Charles Whiting told New York's Journal News that he stayed connected to the memory of his wife Catherine by calling his phone every day just to hear her say, "The Whitings aren't home."

But after the Verizon upgrade in the Westchester, N.Y., area, the greeting message was wiped from his voicemail system.

Whiting said he immediately phoned the company, waiting an entire hour to be helped and even getting disconnected at one stage. After calling back and holding another 90 minutes, he was told the outgoing message Catherine had recorded had been lost for good.

"That's the only recording of her voice that I have," Whiting told The Journal News. "Every time I listened to my messages, I heard her voice saying, 'This is Catherine Whiting.' It was like she was still with me when I heard that. Now they took her voice away."

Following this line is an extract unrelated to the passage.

(* Let $f:\mathbb{R}^n\to\mathbb{R}^n$ be of class $\mathcal{C}^2$ with $\dot x=f(x)$ forward complete, and write $F(x)=\frac{\partial f}{\partial x}(x)$. Suppose there exist an integer $N\ge n$, a $\mathcal{C}^2$ mapping $\phi:\mathbb{R}^n\to\mathbb{R}^N$ and a Hurwitz matrix $A\in\mathbb{R}^{N\times N}$ such that $\Phi(x):=\frac{\partial\phi}{\partial x}(x)$ has full column rank $n$ for all $x$ and $\frac{\partial\phi}{\partial x}(x)f(x)=A\phi(x)$ for all $x$. Let $P=P^\top\succ 0$ be the solution of $A^\top P+PA=-I_N$ and set $M(x)=\Phi(x)^\top P\Phi(x)$. Then $M(x)\succ0$ for all $x$ and $$\partial_f M(x)+F(x)^\top M(x)+M(x)F(x)=-\Phi(x)^\top\Phi(x)\preceq -\tfrac{1}{\lambda_{\max}(P)}M(x)\prec 0\quad\forall x,$$ so the system is asymptotically contracting with metric $M$. If moreover $\Phi^\top\Phi$ is uniformly bounded, then $M$ is uniformly bounded and the system is contracting (with rate $\rho=1/\lambda_{\max}(P)$).
   Context: For a matrix function $M(x)$ and vector field $f$, $\partial_f M(x):=\sum_i \frac{\partial M}{\partial x_i}(x) f_i(x)$ (also written $\dot M$). A matrix function $A(x)$ is uniformly bounded if $a_1I\preceq A(x)\preceq a_2 I$ for all $x$ with constants $a_2\ge a_1>0$. The system $\dot x=f(x,t)$ (or $\dot x=f(x)$) is called contracting if there is a uniformly bounded $M(x,t)\succ0$ with $\dot M+F^\top M+MF\preceq-\rho M$ for some $\rho>0$, where $F=\partial f/\partial x$ and $\dot M$ is the derivative along solutions; it is asymptotically contracting if instead $\dot M+F^\top M+MF\prec 0$. $\lambda_{\max}(P)$ is the largest eigenvalue of $P$. *)

theory Defs
  imports "HOL-Analysis.Analysis"
begin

Catherine Whiting died in 2005 from cancer and emphysema. The couple has two children, and traveled the world together after she was diagnosed with the terminal illnesses in 2004.

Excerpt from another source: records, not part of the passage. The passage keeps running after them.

(* Let $\xi>0$, $\omega_0>0$, and define $\omega^2(k)=\frac{\omega_0^2}{\xi^2}\big((\xi-\cos k)^2+\sin^2 k\big)$, $\Omega_0=\frac{\omega_0}{\xi}|1-\xi|$, $\Omega_D=\frac{\omega_0}{\xi}(1+\xi)$, and for an integer $n$ and real $\omega$ with $\omega^2(k)\ne\omega^2$ for all $k$, $$\mathcal G_n(\omega)=\frac{1}{2\pi}\int_0^{2\pi}\frac{e^{ikn}}{\omega^2(k)-\omega^2}\,dk .$$ Then for $\omega>\Omega_D$ and every integer $n$, $$\mathcal G_n(\omega)=\frac{-1}{\sqrt{(\Omega_D^2-\omega^2)(\Omega_0^2-\omega^2)}}\left(\frac{\Omega_D^2+\Omega_0^2-2\omega^2+2\sqrt{(\Omega_D^2-\omega^2)(\Omega_0^2-\omega^2)}}{\Omega_D^2-\Omega_0^2}\right)^{|n|},$$ which is real-valued.
   Context: $\mathcal G_n$ is the frequency-domain lattice Green's function (entry with $|p-q|=n$) of the exponentially graded linear chain (masses $m_0\xi^{2p}$, spring constants $m_0\xi^{2p}\omega_0^2$) in the limit of infinitely many particles, in the symmetrized variables $y_p=\xi^pu_p$; $\Omega_0$ and $\Omega_D$ are the lowest and highest (Debye) eigenfrequencies. *)

theory Defs
  imports "HOL-Analysis.Analysis"
begin

definition omega_sq :: "real \<Rightarrow> real \<Rightarrow> real \<Rightarrow> real" where
  "omega_sq \<xi> \<omega>\<^sub>0 k = (\<omega>\<^sub>0\<^sup>2 / \<xi>\<^sup>2) * ((\<xi> - cos k)\<^sup>2 + (sin k)\<^sup>2)"

definition Omega0 :: "real \<Rightarrow> real \<Rightarrow> real" where
  "Omega0 \<xi> \<omega>\<^sub>0 = (\<omega>\<^sub>0 / \<xi>) * \<bar>1 - \<xi>\<bar>"

definition OmegaD :: "real \<Rightarrow> real \<Rightarrow> real" where
  "OmegaD \<xi> \<omega>\<^sub>0 = (\<omega>\<^sub>0 / \<xi>) * (1 + \<xi>)"

definition greenG :: "real \<Rightarrow> real \<Rightarrow> int \<Rightarrow> real \<Rightarrow> complex" where
  "greenG \<xi> \<omega>\<^sub>0 n \<omega> = (1 / (2 * pi)) *
     integral {0..2*pi} (\<lambda>k. cis (k * of_int n) / complex_of_real (omega_sq \<xi> \<omega>\<^sub>0 k - \<omega>\<^sup>2))"

end

theory Submission
  imports Defs
begin

text \<open>Write \<open>\<omega>\<^sup>2(k) - \<omega>\<^sup>2 = a - b cos k\<close> with \<open>b > 0 > a + b\<close>. With \<open>s = sqrt((a+b)(a-b))\<close> and
  \<open>q = (a + s)/b \<in> (-1, 0)\<close>, the integrand is \<open>-1/s\<close> times the Poisson kernel
  \<open>(1 - q\<^sup>2)/(1 - 2q cos k + q\<^sup>2) = 1/(1 - q e\<^sup>i\<^sup>k) + 1/(1 - q e\<^sup>-\<^sup>i\<^sup>k) - 1 = \<Sum>\<^sub>m q\<^bsup>|m|\<^esup> e\<^bsup>imk\<^esup>\<close>,
  whose \<open>n\<close>-th Fourier coefficient is \<open>q\<^bsup>|n|\<^esup>\<close>. Integrating the geometric series term by term is
  justified by truncating it after \<open>N\<close> terms: the tail has modulus at most \<open>|q|\<^sup>N/(1 - |q|)\<close>.\<close>

lemma has_integral_cis_int:
  fixes j :: int
  shows "((\<lambda>k. cis (k * of_int j)) has_integral (if j = 0 then of_real (2 * pi) else 0)) {0..2*pi}"
proof (cases "j = 0")
  case True
  then show ?thesis
    using has_integral_const_real[of "1::complex" 0 "2*pi"] by (simp add: scaleR_conv_of_real)
next
  case False
  define F where "F k = cis (k * of_int j) / (\<i> * of_int j)" for k
  have "(F has_vector_derivative cis (x * of_int j)) (at x within {0..2*pi})" for x
  proof -
    have "((\<lambda>k. cis (k * of_int j)) has_vector_derivative (of_int j * (\<i> * cis (x * of_int j))))
            (at x within {0..2*pi})"
      unfolding has_vector_derivative_def
      by (rule derivative_eq_intros has_derivative_cis | simp)+
         (simp add: scaleR_conv_of_real mult.assoc)
    from has_vector_derivative_divide[OF this, of "\<i> * of_int j"] False show ?thesis
      unfolding F_def by (simp add: field_simps)
  qed
  then have "((\<lambda>k. cis (k * of_int j)) has_integral F (2 * pi) - F 0) {0..2*pi}"
    by (intro fundamental_theorem_of_calculus) auto
  moreover have "F (2 * pi) = F 0"
    using cis_multiple_2pi[of "of_int j"] unfolding F_def by (simp add: mult.commute)
  ultimately show ?thesis
    using False by simp
qed

lemma norm_one_minus_of_real_cis_ge: "1 - \<bar>q\<bar> \<le> norm (1 - of_real q * cis t)"
  using norm_triangle_ineq2[of 1 "of_real q * cis t"] by (simp add: norm_mult)

lemma one_minus_of_real_cis_nonzero: "\<bar>q\<bar> < 1 \<Longrightarrow> 1 - of_real q * cis t \<noteq> 0"
  using norm_one_minus_of_real_cis_ge[of q t] by auto

lemma eq_if_norm_diff_le_power:
  fixes x y :: "'a::real_normed_vector"
  assumes r: "\<bar>r\<bar> < 1" and bound: "\<And>N. N \<ge> N0 \<Longrightarrow> norm (x - y) \<le> C * \<bar>r\<bar> ^ N"
  shows "x = y"
proof -
  have "(\<lambda>N. C * \<bar>r\<bar> ^ N) \<longlonglongrightarrow> 0"
    using r by (intro tendsto_mult_right_zero LIMSEQ_power_zero) simp
  from LIMSEQ_le_const[OF this] bound have "norm (x - y) \<le> 0" by blast
  then show ?thesis by simp
qed

lemma cis_mult_of_real_cis_power:
  fixes q k :: real and n :: int
  shows "cis (k * of_int n) * (of_real q * cis k) ^ m = of_real (q ^ m) * cis (k * of_int (n + int m))"
  \<comment> \<open>\<open>DeMoivre\<close> alone refers to the cos/sin version from \<open>Complex_Transcendental\<close>\<close>
  by (simp add: power_mult_distrib Complex.DeMoivre cis_mult algebra_simps)

lemma sum_power_times_delta:
  fixes q :: real and n :: int
  assumes "nat \<bar>n\<bar> < N"
  shows "(\<Sum>m<N. of_real (q ^ m) * (if n + int m = 0 then of_real (2 * pi) else 0))
       = (if n \<le> 0 then of_real (2 * pi * q ^ nat \<bar>n\<bar>) else (0::complex))"
proof -
  have "(\<Sum>m<N. of_real (q ^ m) * (if n + int m = 0 then of_real (2 * pi) else 0))
      = (\<Sum>m<N. if n \<le> 0 \<and> m = nat \<bar>n\<bar> then of_real (2 * pi * q ^ m) else (0::complex))"
    by (intro sum.cong) auto
  then show ?thesis
    using assms by (simp add: sum.delta' abs_if)
qed

lemma has_integral_cis_div_one_minus_cis:
  fixes q :: real and n :: int
  assumes q: "\<bar>q\<bar> < 1"
  shows "((\<lambda>k. cis (k * of_int n) / (1 - of_real q * cis k)) has_integral
           (if n \<le> 0 then of_real (2 * pi * q ^ nat \<bar>n\<bar>) else 0)) {0..2*pi}"
    (is "(?f has_integral ?T) _")
proof -
  have "continuous_on {0..2*pi} ?f"
    using one_minus_of_real_cis_nonzero[OF q] by (intro continuous_intros) auto
  then have f_int: "(?f has_integral integral {0..2*pi} ?f) {0..2*pi}"
    by (simp add: integrable_continuous_interval integrable_integral)
  have remainder_bound: "norm (integral {0..2*pi} ?f - ?T) \<le> (2 * pi / (1 - \<bar>q\<bar>)) * \<bar>q\<bar> ^ N"
    if N: "N \<ge> nat \<bar>n\<bar> + 1" for N
  proof -
    define R where "R k = cis (k * of_int n) * (of_real q * cis k) ^ N / (1 - of_real q * cis k)" for k
    have geometric_split: "?f k = (\<Sum>m<N. of_real (q ^ m) * cis (k * of_int (n + int m))) + R k" for k
    proof -
      define z where "z = of_real q * cis k"
      have "1 - z \<noteq> 0"
        unfolding z_def by (rule one_minus_of_real_cis_nonzero[OF q])
      then have "1 / (1 - z) = (\<Sum>m<N. z ^ m) + z ^ N / (1 - z)"
        by (simp add: sum_gp_strict field_simps)
      then have "?f k = cis (k * of_int n) * ((\<Sum>m<N. z ^ m) + z ^ N / (1 - z))"
        unfolding z_def by (metis times_divide_eq_right mult.right_neutral)
      also have "\<dots> = (\<Sum>m<N. cis (k * of_int n) * z ^ m) + R k"
        unfolding R_def z_def by (simp add: sum_distrib_left distrib_left)
      finally show ?thesis
        unfolding z_def cis_mult_of_real_cis_power .
    qed
    have "((\<lambda>k. \<Sum>m<N. of_real (q ^ m) * cis (k * of_int (n + int m))) has_integral
             (\<Sum>m<N. of_real (q ^ m) * (if n + int m = 0 then of_real (2 * pi) else 0))) {0..2*pi}"
      by (intro has_integral_sum finite_lessThan has_integral_mult_right has_integral_cis_int)
    moreover have "nat \<bar>n\<bar> < N"
      using N by simp
    ultimately have "((\<lambda>k. \<Sum>m<N. of_real (q ^ m) * cis (k * of_int (n + int m))) has_integral ?T) {0..2*pi}"
      by (simp only: sum_power_times_delta)
    from has_integral_diff[OF f_int this]
    have "(R has_integral integral {0..2*pi} ?f - ?T) (cbox 0 (2*pi))"
      by (simp add: geometric_split)
    moreover have "norm (R t) \<le> \<bar>q\<bar> ^ N / (1 - \<bar>q\<bar>)" for t
      unfolding R_def norm_divide norm_mult norm_power
      using norm_one_minus_of_real_cis_ge[of q t] q by (intro frac_le) auto
    ultimately have "norm (integral {0..2*pi} ?f - ?T)
                       \<le> \<bar>q\<bar> ^ N / (1 - \<bar>q\<bar>) * Henstock_Kurzweil_Integration.content (cbox 0 (2*pi))"
      using q by (intro has_integral_bound) auto
    also have "\<dots> = (2 * pi / (1 - \<bar>q\<bar>)) * \<bar>q\<bar> ^ N"
      by simp
    finally show ?thesis .
  qed
  have "integral {0..2*pi} ?f = ?T"
    by (rule eq_if_norm_diff_le_power[OF q remainder_bound])
  with f_int show ?thesis by simp
qed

Verizon recently overhauled its voicemail service in Dobbs Ferry, N.Y., and nearby Irvington, where Whiting lives.

Verizon spokesman John Bonomo told the News that notices were mailed out to customers announcing the upgrade and explaining how to handle resetting voicemail messages. Whiting's predicament, he said, is unusual.

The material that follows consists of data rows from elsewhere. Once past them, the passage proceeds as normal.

lemma cosh_sqrt_power2_eq:
  assumes "0 \<le> y"
  shows "(cosh_sqrt y)\<^sup>2 = 1 + y * (sinhc_sqrt y)\<^sup>2"
proof -
  have "sqrt y * sinhc_sqrt y = sinh (sqrt y)"
    using sinhc_sqrt_power2[of "sqrt y"] assms by simp
  then have "y * (sinhc_sqrt y)\<^sup>2 = (sinh (sqrt y))\<^sup>2"
    using assms by (metis power_mult_distrib real_sqrt_pow2)
  then show ?thesis
    using cosh_square_eq[of "sqrt y"] assms by (simp add: cosh_sqrt_eq)
qed

definition sinh_sq_sqrt :: "real \<Rightarrow> real" where
  "sinh_sq_sqrt y = y * (sinhc_sqrt y)\<^sup>2"

lemma sinh_sq_sqrt_power2: "sinh_sq_sqrt (r\<^sup>2) = (sinh r)\<^sup>2"
  using sinhc_sqrt_power2[of r] by (simp add: sinh_sq_sqrt_def power_mult_distrib[symmetric])

lemma sinh_sq_sqrt_surj: "0 \<le> z \<Longrightarrow> \<exists>w\<ge>0. sinh_sq_sqrt w = z"
  by (rule exI[of _ "(arsinh (sqrt z))\<^sup>2"]) (simp add: sinh_sq_sqrt_power2)

lemma smooth_on_sinh_sq_sqrt: "smooth_on UNIV sinh_sq_sqrt"
  unfolding sinh_sq_sqrt_def[abs_def]
  using smooth_on_mult[OF smooth_on_id smooth_on_power[OF smooth_on_sinhc_sqrt]] by simp

lemma sinh_sq_sqrt_has_real_derivative:
  "(sinh_sq_sqrt has_real_derivative
     (sinhc_sqrt y)\<^sup>2 + 2 * y * sinhc_sqrt y * deriv sinhc_sqrt y) (at y)"
  unfolding sinh_sq_sqrt_def[abs_def]
  by (auto intro!: derivative_eq_intros sinhc_sqrt_has_real_derivative_deriv)

lemma sinh_sq_sqrt_has_real_derivative_deriv:
  "(sinh_sq_sqrt has_real_derivative deriv sinh_sq_sqrt y) (at y)"
  by (subst DERIV_imp_deriv[OF sinh_sq_sqrt_has_real_derivative])
    (rule sinh_sq_sqrt_has_real_derivative)

lemma sinh_sq_sqrt_image:
  assumes "a \<le> 0"
  shows "{sinh_sq_sqrt a<..} \<subseteq> sinh_sq_sqrt ` {a..}"
proof
  fix z assume z: "z \<in> {sinh_sq_sqrt a<..}"
  have "1 \<le> (sinhc_sqrt \<bar>z\<bar>)\<^sup>2"
    by (rule one_le_power[OF one_le_sinhc_sqrt]) simp
  then have "\<bar>z\<bar> * 1 \<le> \<bar>z\<bar> * (sinhc_sqrt \<bar>z\<bar>)\<^sup>2"
    by (rule mult_left_mono) simp
  then have "z \<le> sinh_sq_sqrt \<bar>z\<bar>"
    unfolding sinh_sq_sqrt_def using abs_ge_self[of z] by linarith
  moreover have "sinh_sq_sqrt a \<le> z" "a \<le> \<bar>z\<bar>"
    using z assms by auto
  moreover have "continuous_on {a..\<bar>z\<bar>} sinh_sq_sqrt"
    by (rule continuous_on_subset[OF smooth_on_imp_continuous_on[OF smooth_on_sinh_sq_sqrt]]) simp
  ultimately obtain x where "a \<le> x" "sinh_sq_sqrt x = z"
    using IVT'[of sinh_sq_sqrt a z "\<bar>z\<bar>"] by blast
  then show "z \<in> sinh_sq_sqrt ` {a..}"
    by (intro image_eqI[of z _ x]) auto
qed

lemma sinh_sq_sqrt_deriv_pos_near_nonneg:
  "\<exists>e>0. \<forall>y>-e. 0 < sinhc_sqrt y \<and> 0 < deriv sinh_sq_sqrt y"
proof -
  let ?d = "deriv sinh_sq_sqrt"
  have d: "?d y = (sinhc_sqrt y)\<^sup>2 + 2 * y * sinhc_sqrt y * deriv sinhc_sqrt y" for y
    by (rule DERIV_imp_deriv[OF sinh_sq_sqrt_has_real_derivative])
  have "continuous_on UNIV ?d"
    using sinh_sq_sqrt_has_real_derivative_deriv
    by (intro smooth_on_imp_continuous_on smooth_on_deriv[OF smooth_on_sinh_sq_sqrt])
  moreover have "continuous_on UNIV sinhc_sqrt"
    by (rule smooth_on_imp_continuous_on[OF smooth_on_sinhc_sqrt])
  ultimately have "open {y. 0 < sinhc_sqrt y \<and> 0 < ?d y}"
    by (intro open_Collect_conj open_Collect_less continuous_on_const)
  moreover have "0 \<in> {y. 0 < sinhc_sqrt y \<and> 0 < ?d y}"
    by (simp add: d)
  ultimately obtain e where "0 < e" and e: "ball 0 e \<subseteq> {y. 0 < sinhc_sqrt y \<and> 0 < ?d y}"
    by (metis open_contains_ball)
  have "0 < sinhc_sqrt y \<and> 0 < ?d y" if "-e < y" for y
  proof (cases "0 \<le> y")
    case True
    then have "1 \<le> sinhc_sqrt y"
      by (rule one_le_sinhc_sqrt)
    moreover have "0 \<le> 2 * y * sinhc_sqrt y * deriv sinhc_sqrt y"
      using True \<open>1 \<le> sinhc_sqrt y\<close> deriv_sinhc_sqrt_nonneg[OF True] by simp
    ultimately show ?thesis
      unfolding d by (simp add: add_pos_nonneg)
  next
    case False
    with that have "y \<in> ball 0 e"
      by (simp add: dist_real_def)
    with e show ?thesis
      by blast
  qed
  with \<open>0 < e\<close> show ?thesis
    by auto
qed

"I can't say that kind of thing happens often — or ever," he told the newspaper. 'I would have to say it's really rare."

Whiting has 30 days from the Feb. 18 switchover to retrieve messages from the previous system, meaning he might be able to recover the greeting Catherine recorded, Bonomo told the News. Though the widower may not be able to transfer it to his new voicemail, he could conceivably record it onto a tape recorder, according to Bonomo.

Whiting is skeptical that he'll ever get the greeting back.

"It's just not right," he told the News. "It's not good customer service. ... A poor, old man loses the voice he's come to rely on. And I relied on it. It's just sad. It's really sad."

The Associated Press contributed to this report.